The advice here on RCDs is that they should all be tested when the clocks go back or forward for the start / end of daylight saving time. That two seconds of inconvenience can save someone's life.[this post was last edited: 9/25/2017-13:02]
 
@tolivac. 400Hz is commonly used in aviation systems generally.
You can even buy 400Hz vacuum cleaners !

https://www.averncleaningsupplies.com/RSAV130-1-Aviation-Back-Pack-Vacuum-Cleaner-Numatic

110V 400Hz

Also in the UK and Ireland portable equipment used on construction sites is all connected via an isolating transformer that is centre tapped giving you 110V 50Hz with two hots with about 55V to ground.
So there's a whole range of 110V 50Hz power tools used here that are not suitable for use with US 120V 60Hz grounded neutral supplies.
 
Falling of a building

First of all, 5 stories are verry much survivable. Not likely, but possible. I mean, there were people surviving skyscraper suicide jumps by landing on a car legs first. The legs and hips were mush, but the car roof in combination with their legs reduced the decelaration enough to allow the important stuff to survive.

And both mains supplies are survivable, it depends on the path the elctricity takes through your body.

If it goes around your heart and core muscles, for example once across your hand, there can be heavy damage to your hand, and your body certanly will not be comfortable, but death for a healthy adult is unlikely.
I had a small mains shock from a faulty range hood once; I went to switch it off, and while switching, I touched the metal housing. Something shorted, the case became life, my hand jolted back and the RCD tripped. I had a nice big burned spot on my finger, my hand hurt as hell, but otherwise, I was fine (though incredibly startled).

Would the path of electricity been through my body to ground, big difference.

Same with lightning strikes onto people: Even direct hits ar verry much survivable, though at tens of thousands of amps and hundreds of thousands of volts, that should be impossible.

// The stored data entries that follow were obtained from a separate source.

lemma corrU_standardize:
  assumes "L2 Q" "L2 k" "0 < stdU k" "0 < \<sigma>"
  shows "corrU Q (standardize \<mu> \<sigma> k) = corrU Q k"
  unfolding standardize_affine[OF assms(3)] using assms by (intro corrU_affine_right) simp_all

lemma continuous_on_Lipschitz_bound:
  fixes F :: "real \<Rightarrow> real"
  assumes "\<And>x y. \<bar>F x - F y\<bar> \<le> C * \<bar>x - y\<bar>"
  shows "continuous_on S F"
proof (rule lipschitz_on_continuous_on)
  show "lipschitz_on \<bar>C\<bar> S F"
  proof (rule lipschitz_onI)
    fix x y
    have "C * \<bar>x - y\<bar> \<le> \<bar>C\<bar> * \<bar>x - y\<bar>" by (intro mult_right_mono) auto
    then show "dist (F x) (F y) \<le> \<bar>C\<bar> * dist x y"
      using assms[of x y] by (simp add: dist_real_def)
  qed simp
qed

lemma continuous_on_corrU_proj:
  assumes \<gamma>: "L2 \<gamma>" and Q: "L2 Q" and K: "\<And>l. is_proj (\<lambda>u. \<gamma> u + l * Q u) (K l)"
    and pos: "\<And>l. 0 < l \<Longrightarrow> 0 < stdU (K l)"
  shows "continuous_on {0<..} (\<lambda>l. corrU Q (K l))"
proof -
  have LK: "L2 (K l)" for l
    by (rule is_proj_L2[OF L2_add[OF \<gamma> L2_scale[OF Q]] K])
  note lip = is_proj_lipschitz[OF \<gamma> Q K]
  have "continuous_on {0<..} (\<lambda>l. ip Q (K l))"
  proof (rule continuous_on_Lipschitz_bound)
    fix l m
    have "\<bar>ip Q (K l) - ip Q (K m)\<bar> \<le> L2norm Q * L2norm (\<lambda>u. K l u - K m u)"
      using ip_Cauchy_Schwarz[OF Q L2_diff[OF LK LK]] ip_diff_right[OF LK LK Q] by simp
    also have "\<dots> \<le> L2norm Q * (\<bar>l - m\<bar> * L2norm Q)"
      using lip L2norm_nonneg by (rule mult_left_mono)
    finally show "\<bar>ip Q (K l) - ip Q (K m)\<bar> \<le> (L2norm Q * L2norm Q) * \<bar>l - m\<bar>"
      by (simp add: mult_ac)
  qed
  moreover have "continuous_on {0<..} (\<lambda>l. EU (K l))"
    using order_trans[OF EU_lipschitz[OF LK LK] lip]
    by (intro continuous_on_Lipschitz_bound[where C="L2norm Q"]) (simp add: mult.commute)
  moreover have "continuous_on {0<..} (\<lambda>l. stdU (K l))"
    using order_trans[OF stdU_lipschitz[OF LK LK] lip]
    by (intro continuous_on_Lipschitz_bound[where C="L2norm Q"]) (simp add: mult.commute)
  ultimately have "continuous_on {0<..} (\<lambda>l. (ip Q (K l) - EU Q * EU (K l)) / (stdU Q * stdU (K l)))"
    using pos[THEN less_imp_neq] by (cases "stdU Q = 0") (auto intro!: continuous_intros)
  moreover have "corrU Q (K l) = (ip Q (K l) - EU Q * EU (K l)) / (stdU Q * stdU (K l))" for l
    by (simp add: corrU_def EU_eq ip_def)
  ultimately show ?thesis by simp
qed
lemma real_cond_exp_increment_bound:
  assumes H: "subalgebra M H" "subalgebra H F"
    and f: "integrable M f" and Z: "integrable M Z"
    and g: "g \<in> borel_measurable F"
    and close: "AE x in M. \<bar>real_cond_exp M H f x - g x\<bar> \<le> Z x"
  shows "AE x in M. \<bar>real_cond_exp M H f x - real_cond_exp M F f x\<bar> \<le> Z x + real_cond_exp M F Z x"
proof -
  interpret H: sigma_finite_subalgebra M H by (rule nested_subalg_is_sigma_finite[OF H])
  define D where "D x = real_cond_exp M H f x - g x" for x
  have g_M [measurable]: "g \<in> borel_measurable M" by (rule measurable_from_subalg[OF subalg g])
  have D_close: "AE x in M. \<bar>D x\<bar> \<le> Z x" using close by (simp add: D_def)
  have D_int: "integrable M D"
  proof (rule Bochner_Integration.integrable_bound[OF Z])
    show "D \<in> borel_measurable M" unfolding D_def by measurable
    show "AE x in M. norm (D x) \<le> norm (Z x)" using D_close by eventually_elim auto
  qed
  have g_int: "integrable M g"
  proof -
    have "g = (\<lambda>x. real_cond_exp M H f x - D x)" by (simp add: D_def)
    then show ?thesis using H.real_cond_exp_int(1)[OF f] D_int by simp
  qed
  have Hf_eq: "real_cond_exp M H f = (\<lambda>x. g x + D x)" by (simp add: D_def)
  have "AE x in M. real_cond_exp M F f x = g x + real_cond_exp M F D x"
  proof -
    have "AE x in M. real_cond_exp M F (real_cond_exp M H f) x = real_cond_exp M F f x"
      by (rule real_cond_exp_nested_subalg[OF H f])
    moreover have "AE x in M. real_cond_exp M F (\<lambda>x. g x + D x) x
        = real_cond_exp M F g x + real_cond_exp M F D x"
      by (rule real_cond_exp_add[OF g_int D_int])
    moreover have "AE x in M. real_cond_exp M F g x = g x"
      by (rule real_cond_exp_F_meas[OF g_int g])
    ultimately show ?thesis unfolding Hf_eq by eventually_elim simp
  qed
  moreover have "AE x in M. \<bar>real_cond_exp M F D x\<bar> \<le> real_cond_exp M F (\<lambda>x. \<bar>D x\<bar>) x"
    by (rule real_cond_exp_abs_le[OF D_int])
  moreover have "AE x in M. real_cond_exp M F (\<lambda>x. \<bar>D x\<bar>) x \<le> real_cond_exp M F Z x"
    by (rule real_cond_exp_mono) (use D_close D_int Z in auto)
  ultimately show ?thesis using D_close
    by eventually_elim (auto simp: D_def)
qed

end

context prob_space
begin

lemma real_cond_exp_trivial_subalgebra:
  assumes "subalgebra M F" "sets F = {{}, space M}" "integrable M f"
  shows "AE x in M. real_cond_exp M F f x = expectation f"
proof -
  interpret F: finite_measure_subalgebra M F by unfold_locales (rule assms(1))
  show ?thesis
  proof (rule F.real_cond_exp_charact)
    fix A assume "A \<in> sets F"
    then consider "A = {}" | "A = space M" using assms(2) by auto
    then show "(\<integral>x\<in>A. f x \<partial>M) = (\<integral>x\<in>A. expectation f \<partial>M)"
    proof cases
      case 1
      then show ?thesis by (simp add: set_lebesgue_integral_def)
    next
      case 2
      then show ?thesis by (simp add: set_integral_space assms(3) prob_space)
    qed
  qed (simp_all add: assms(3))
qed

lemma integrable_of_nn_cond_exp_le:
  assumes "subalgebra M F" and [measurable]: "f \<in> borel_measurable M" and nonneg: "\<And>x. f x \<ge> 0"
    and bound: "AE x in M. nn_cond_exp M F (\<lambda>x. ennreal (f x)) x \<le> ennreal K"
  shows "integrable M f"
proof (rule integrableI_nonneg)
  interpret F: finite_measure_subalgebra M F by unfold_locales (rule assms(1))
  have "(\<integral>\<^sup>+ x. ennreal (f x) \<partial>M) = (\<integral>\<^sup>+ x. 1 * nn_cond_exp M F (\<lambda>x. ennreal (f x)) x \<partial>M)"
    by (subst F.nn_cond_exp_intg) simp_all
  also have "\<dots> \<le> (\<integral>\<^sup>+ x. ennreal K \<partial>M)"
    by (rule nn_integral_mono_AE) (use bound in simp)
  also have "\<dots> < \<infinity>" by (simp add: emeasure_space_1)
  finally show "(\<integral>\<^sup>+ x. ennreal (f x) \<partial>M) < \<infinity>" .
qed (use nonneg in simp_all)

lemma exp_real_cond_exp_abs_le:
  fixes c K :: real
  assumes "subalgebra M F" "c \<ge> 0" "K \<ge> 0"
    and Y: "integrable M Y"
    and mgf: "AE x in M. nn_cond_exp M F (\<lambda>w. ennreal (exp (c * \<bar>Y w\<bar>))) x \<le> ennreal K"
  shows "AE x in M. exp (c * real_cond_exp M F (\<lambda>w. \<bar>Y w\<bar>) x) \<le> K"
proof -
  interpret F: finite_measure_subalgebra M F by unfold_locales (rule assms(1))
  have exp_int: "integrable M (\<lambda>w. exp (c * \<bar>Y w\<bar>))"
    by (rule integrable_of_nn_cond_exp_le[OF assms(1) _ _ mgf]) (use Y in simp_all)
  have abs_int: "integrable M (\<lambda>w. \<bar>Y w\<bar>)" using Y by simp
  have "AE x in M. exp (c * real_cond_exp M F (\<lambda>w. \<bar>Y w\<bar>) x)
      \<le> real_cond_exp M F (\<lambda>w. exp (c * \<bar>Y w\<bar>)) x"
    by (rule F.real_cond_exp_jensens_inequality(2)[where I = UNIV, OF abs_int])
       (use exp_int convex_on_exp[OF \<open>c \<ge> 0\<close>] in auto)
  moreover have "AE x in M. real_cond_exp M F (\<lambda>w. exp (c * \<bar>Y w\<bar>)) x
      = enn2real (nn_cond_exp M F (\<lambda>w. ennreal (exp (c * \<bar>Y w\<bar>))) x)"
    by (rule F.real_cond_exp_eq_enn2real_nn_cond_exp) (use Y in simp_all)
  ultimately show ?thesis using mgf
    by eventually_elim (use \<open>K \<ge> 0\<close> enn2real_mono in \<open>fastforce\<close>)
qed

lemma nn_cond_exp_exp_abs_le_square:
  fixes \<delta> A K :: real
  assumes F: "subalgebra M F" and "\<delta> \<ge> 0" "A \<ge> 0" "K \<ge> 0"
    and Y: "integrable M Y" and [measurable]: "d \<in> borel_measurable M"
    and bound: "AE x in M. \<bar>d x\<bar> \<le> A * (\<bar>Y x\<bar> + real_cond_exp M F (\<lambda>w. \<bar>Y w\<bar>) x)"
    and mgf: "AE x in M. nn_cond_exp M F (\<lambda>w. ennreal (exp (\<delta> * A * \<bar>Y w\<bar>))) x \<le> ennreal K"
  shows "AE x in M. nn_cond_exp M F (\<lambda>w. ennreal (exp (\<delta> * \<bar>d w\<bar>))) x \<le> ennreal (K ^ 2)"
proof -
  interpret F: finite_measure_subalgebra M F by unfold_locales (rule F)
  define c where "c = \<delta> * A"
  define V where "V = real_cond_exp M F (\<lambda>w. \<bar>Y w\<bar>)"
  define E where "E = (\<lambda>w. ennreal (exp (c * \<bar>Y w\<bar>)))"
  have [measurable]: "Y \<in> borel_measurable M" using Y by simp
  have [measurable]: "V \<in> borel_measurable F" "V \<in> borel_measurable M" by (simp_all add: V_def)
  have [measurable]: "E \<in> borel_measurable M" unfolding E_def by measurable
  have "AE x in M. nn_cond_exp M F (\<lambda>w. ennreal (exp (\<delta> * \<bar>d w\<bar>))) x
      \<le> nn_cond_exp M F (\<lambda>w. ennreal (exp (c * V w)) * E w) x"
  proof (rule F.nn_cond_exp_mono)
    show "AE x in M. ennreal (exp (\<delta> * \<bar>d x\<bar>)) \<le> ennreal (exp (c * V x)) * E x"
      using bound
    proof eventually_elim
      case (elim x)
      have "\<delta> * \<bar>d x\<bar> \<le> c * V x + c * \<bar>Y x\<bar>"
        using mult_left_mono[OF elim \<open>\<delta> \<ge> 0\<close>] by (simp add: c_def V_def algebra_simps)
      then show ?case by (simp add: E_def exp_add[symmetric] ennreal_mult[symmetric] ennreal_leI)
    qed
  qed measurable
  moreover have "AE x in M. ennreal (exp (c * V x)) * nn_cond_exp M F E x
      = nn_cond_exp M F (\<lambda>w. ennreal (exp (c * V w)) * E w) x"
    by (rule F.nn_cond_exp_prod) measurable
  moreover have "AE x in M. exp (c * V x) \<le> K"
    unfolding V_def c_def
    by (rule exp_real_cond_exp_abs_le[OF F _ \<open>K \<ge> 0\<close> Y mgf]) (use assms in simp)
  moreover note mgf
  ultimately show ?thesis
  proof eventually_elim
    case (elim x)
    have "nn_cond_exp M F (\<lambda>w. ennreal (exp (\<delta> * \<bar>d w\<bar>))) x
        \<le> ennreal (exp (c * V x)) * nn_cond_exp M F E x" using elim(1,2) by simp
    also have "\<dots> \<le> ennreal K * ennreal K"
      by (rule mult_mono) (use elim(3,4) in \<open>simp_all add: E_def c_def ennreal_leI\<close>)
    also have "\<dots> = ennreal (K ^ 2)" using \<open>K \<ge> 0\<close> by (simp add: power2_eq_square ennreal_mult)
    finally show ?case .
  qed
qed

end

lemma space_nat_filtr [simp]: "space (nat_filtr P X i) = space P"
  by (simp add: nat_filtr_def)

lemma restrict_in_space_PiM_borel:
  "(\<lambda>\<omega>. \<lambda>j\<in>{1..i}. X j \<omega>) \<in> space P \<rightarrow> space (PiM {1..i} (\<lambda>_. borel :: real measure))"
  by (auto simp: space_PiM)

lemma X_measurable_nat_filtr:
  assumes "j \<in> {1..i}"
  shows "X j \<in> borel_measurable (nat_filtr P X i)"
proof -
  have "(\<lambda>\<omega>. \<lambda>j\<in>{1..i}. X j \<omega>) \<in> measurable (nat_filtr P X i) (PiM {1..i} (\<lambda>_. borel))"
    unfolding nat_filtr_def by (rule measurable_vimage_algebra1[OF restrict_in_space_PiM_borel])
  from measurable_compose[OF this measurable_component_singleton[OF assms]] assms
  show ?thesis by simp
qed

lemma sets_nat_filtr_subset:
  assumes "\<And>j. j \<in> {1..i} \<Longrightarrow> X j \<in> borel_measurable N" and "space N = space P"
  shows "sets (nat_filtr P X i) \<subseteq> sets N"
  unfolding nat_filtr_def
proof (rule sets_image_in_sets)
  show "(\<lambda>\<omega>. \<lambda>j\<in>{1..i}. X j \<omega>) \<in> measurable N (PiM {1..i} (\<lambda>_. borel))"
    by (rule measurable_restrict) (rule assms(1))
qed (rule assms(2))

lemma subalgebra_nat_filtr:
  assumes "\<And>j. j \<in> {1..i} \<Longrightarrow> X j \<in> borel_measurable P"
  shows "subalgebra P (nat_filtr P X i)"
  unfolding subalgebra_def using sets_nat_filtr_subset[OF assms] by simp

lemma subalgebra_nat_filtr_mono:
  assumes "i \<le> k"
  shows "subalgebra (nat_filtr P X k) (nat_filtr P X i)"
proof -
  have "sets (nat_filtr P X i) \<subseteq> sets (nat_filtr P X k)"
    by (rule sets_nat_filtr_subset) (use assms in \<open>auto intro: X_measurable_nat_filtr\<close>)
  then show ?thesis unfolding subalgebra_def by simp
qed

lemma sets_nat_filtr_0: "sets (nat_filtr P X 0) = {{}, space P}"
proof -
  have restrict_empty: "(\<lambda>j\<in>{}. X j \<omega>) = (\<lambda>_. undefined)" for \<omega>
    by (simp add: restrict_def)
  show ?thesis
    unfolding nat_filtr_def sets_vimage_algebra2[OF restrict_in_space_PiM_borel]
    by (auto simp: sets_PiM_empty restrict_empty)
qed

locale integrable_process = prob_space P for P :: "'a measure" +
  fixes X :: "nat \<Rightarrow> 'a \<Rightarrow> real" and n :: nat
  assumes integrable_X: "\<And>i. i \<in> {1..n} \<Longrightarrow> integrable P (X i)"
begin

lemma subalgebra_nat_filtr_le: "i \<le> n \<Longrightarrow> subalgebra P (nat_filtr P X i)"
  by (intro subalgebra_nat_filtr borel_measurable_integrable integrable_X) auto

lemma finite_measure_subalgebra_nat_filtr: "i \<le> n \<Longrightarrow> finite_measure_subalgebra P (nat_filtr P X i)"
  by unfold_locales (rule subalgebra_nat_filtr_le)

lemma integrable_sum_X:
  assumes "I \<subseteq> {1..n}"
  shows "integrable P (\<lambda>w. \<Sum>l\<in>I. X l w)"
  using assms by (intro Bochner_Integration.integrable_sum integrable_X) auto

lemma doob_diff_cond_exp_zero:
  assumes "i \<in> {1..n}"
  shows "AE \<omega> in P. real_cond_exp P (nat_filtr P X (i - 1)) (doob_diff P X n i) \<omega> = 0"
proof -
  interpret G: finite_measure_subalgebra P "nat_filtr P X (i - 1)"
    using assms by (intro finite_measure_subalgebra_nat_filtr) auto
  show ?thesis unfolding doob_diff_def
    by (rule G.real_cond_exp_increment_cond_exp_zero)
      (use assms in \<open>auto intro: subalgebra_nat_filtr_le subalgebra_nat_filtr_mono integrable_sum_X\<close>)
qed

For example, if the bolt strikes your right shoulder, and your right hand is conductivley coupled to ground (for example a street sign) and you are wearing thick rubber sole boots, the majority of the power will go the way of least resitence, through your arm and out the hand.
Severe burns and nerve damage on your arm, but survivable.

If you'd have your left hand grounded in that scenario, the current would pass through your chest, messing up heart and breathing, resulting in verry likel death.

That is why power lines are that deadly: Most of the time, the path to ground is through your entire body.
 
Back when I worked for Goldstar (LG) in Alabama building TV's I made a connection across my heart from the test cable in my left hand to something live inside the TV with my right hand....they were plugged in on the assembly line with their backs off so we could adjust them.  I was the color/tint guy and had to stick a clip inside to switch some things around.  I blacked out for a second or two.  I remember feeling the hair on my neck stand up.  I was standing and the shock made me lean backwards which broke the "circuit".  It made me feel weird after but it didn't hurt!  I really think it caused a cardiac arrhythmia for a brief moment and knowing what I know about the heart now after working in cardiology for over 12 years.
 
A time I got bit by 230V was here at the transmitter-replacing a vacuum tune capacitor in one of the transmitters-My hand brushed against a 230V blower motor terminal-felt like I was kicked by a horse-Pissed me off bigtime-the 230V supply breaker to that Tx was off just like that!!!So now I DOUBLE check the breakers have been shut off before working inside-was a good reminder to check and make sure the power is ALL THE WAY off before working inside!Was a job left over from the last shift.Don't assume they shut off the power-CHECK FOR YOURSELF!!!!Again--that was a hard reminder.Next time you get bit------you might not survive.
 
The main thing on this site is :

Unplug before going anywhere near the innards of a washing machine, dryer or any other appliance. You've risks of both shock and loss of fingers in belts or other moving parts or burns from heaters.

Also be very wary of capacitors! You can get a fairly nasty blast from those when the power is off.